*** Supplied material ***

lemma norm\<^sub>D_ge: "\<exists>c>0. \<forall>\<Psi>. c * norm \<Psi> \<le> norm\<^sub>D \<Psi>"
proof (rule Lp_norm_2_linear_family_ge)
  show "linear (\<lambda>\<Psi>. compw Hd \<Psi> x)" for x
    by (rule linearI_comb) (simp add: compw_comb[OF Hd_linear] lincomb_def)
  fix \<Psi> :: "'x^'k" assume "norm\<^sub>D \<Psi> = 0"
  then have "disc_norm \<Omega> Hd (\<Psi> $ i) = 0" for i
    unfolding norm\<^sub>D_eq by (simp add: L2_set_eq_0_iff)
  then show "\<Psi> = 0"
    using HD unfolding hessian_discretisation_def by (simp add: vec_eq_iff)
qed (rule compw_Hd_L2)

theorem sol_exists: "\<exists>\<Psi>. hessian_scheme_sol A B L Gd Hd Ed \<Psi>"
proof -
  define F where "F \<Psi> \<Phi> = a\<^sub>D \<Psi> \<Phi> + b\<^sub>D \<Psi> \<Psi> \<Phi> - l\<^sub>D \<Phi>" for \<Psi> \<Phi>
  obtain c where c: "0 < c" "\<And>\<Psi>. c * norm \<Psi> \<le> norm\<^sub>D \<Psi>" using norm\<^sub>D_ge by blast
  obtain K where K: "\<And>\<Psi>. norm (l\<^sub>D \<Psi>) \<le> K * norm \<Psi>"
    using linear_bounded[OF linear_l\<^sub>D] by blast
  have "\<exists>\<Psi>. \<forall>\<Phi>. F \<Psi> \<Phi> = 0"
  proof (rule coercive_form_has_root)
    show "linear (F \<Psi>)" for \<Psi>
      using bilinear_a\<^sub>D linear_b\<^sub>D linear_l\<^sub>D unfolding F_def bilinear_def
      by (intro linear_compose_sub linear_compose_add) auto
    show "continuous_on UNIV (\<lambda>\<Psi>. F \<Psi> \<Phi>)" for \<Phi>
    proof -
      have "continuous_on UNIV (\<lambda>\<Psi>. a\<^sub>D \<Psi> \<Phi>)"
        using bilinear_a\<^sub>D by (intro linear_continuous_on) (auto simp: bilinear_def linear_conv_bounded_linear)
      moreover have "continuous_on UNIV (\<lambda>\<Psi>. b\<^sub>D \<Psi> \<Psi> \<Phi>)"
        using bilinear_continuous_on_compose[OF continuous_on_id continuous_on_id bilinear_b\<^sub>D] by simp
      ultimately show ?thesis
        unfolding F_def by (intro continuous_intros)
    qed
    show "0 < \<alpha> * c\<^sup>2" using alpha_pos c by simp
    show "\<alpha> * c\<^sup>2 * (norm \<Psi>)\<^sup>2 - K * norm \<Psi> \<le> F \<Psi> \<Psi>" for \<Psi>
    proof -
      have "\<alpha> * (c * norm \<Psi>)\<^sup>2 \<le> \<alpha> * (norm\<^sub>D \<Psi>)\<^sup>2"
        using c alpha_pos by (intro mult_left_mono power_mono) auto
      then show ?thesis
        using a\<^sub>D_coercive[of \<Psi>] K[of \<Psi>] unfolding F_def b\<^sub>D_skew
        by (simp add: power_mult_distrib mult_ac)
    qed
  qed
  then show ?thesis unfolding sol_iff F_def by simp
qed

lemma sol_energy:
  assumes "hessian_scheme_sol A B L Gd Hd Ed \<Psi>"
  shows "\<alpha> * (norm\<^sub>D \<Psi>)\<^sup>2 \<le> l\<^sub>D \<Psi>"
  using assms a\<^sub>D_coercive[of \<Psi>] b\<^sub>D_skew[of \<Psi> \<Psi>] unfolding sol_iff by (metis add.right_neutral)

*** End of Supplied material ***

## [Task to complete]
Print the material above verbatim, first line through the line containing "using linear_bounded[OF linear_l\<^sub>D]", both included.

## [Exercise result]
lemma norm\<^sub>D_ge: "\<exists>c>0. \<forall>\<Psi>. c * norm \<Psi> \<le> norm\<^sub>D \<Psi>"
proof (rule Lp_norm_2_linear_family_ge)
  show "linear (\<lambda>\<Psi>. compw Hd \<Psi> x)" for x
    by (rule linearI_comb) (simp add: compw_comb[OF Hd_linear] lincomb_def)
  fix \<Psi> :: "'x^'k" assume "norm\<^sub>D \<Psi> = 0"
  then have "disc_norm \<Omega> Hd (\<Psi> $ i) = 0" for i
    unfolding norm\<^sub>D_eq by (simp add: L2_set_eq_0_iff)
  then show "\<Psi> = 0"
    using HD unfolding hessian_discretisation_def by (simp add: vec_eq_iff)
qed (rule compw_Hd_L2)

theorem sol_exists: "\<exists>\<Psi>. hessian_scheme_sol A B L Gd Hd Ed \<Psi>"
proof -
  define F where "F \<Psi> \<Phi> = a\<^sub>D \<Psi> \<Phi> + b\<^sub>D \<Psi> \<Psi> \<Phi> - l\<^sub>D \<Phi>" for \<Psi> \<Phi>
  obtain c where c: "0 < c" "\<And>\<Psi>. c * norm \<Psi> \<le> norm\<^sub>D \<Psi>" using norm\<^sub>D_ge by blast
  obtain K where K: "\<And>\<Psi>. norm (l\<^sub>D \<Psi>) \<le> K * norm \<Psi>"
    using linear_bounded[OF linear_l\<^sub>D] by blast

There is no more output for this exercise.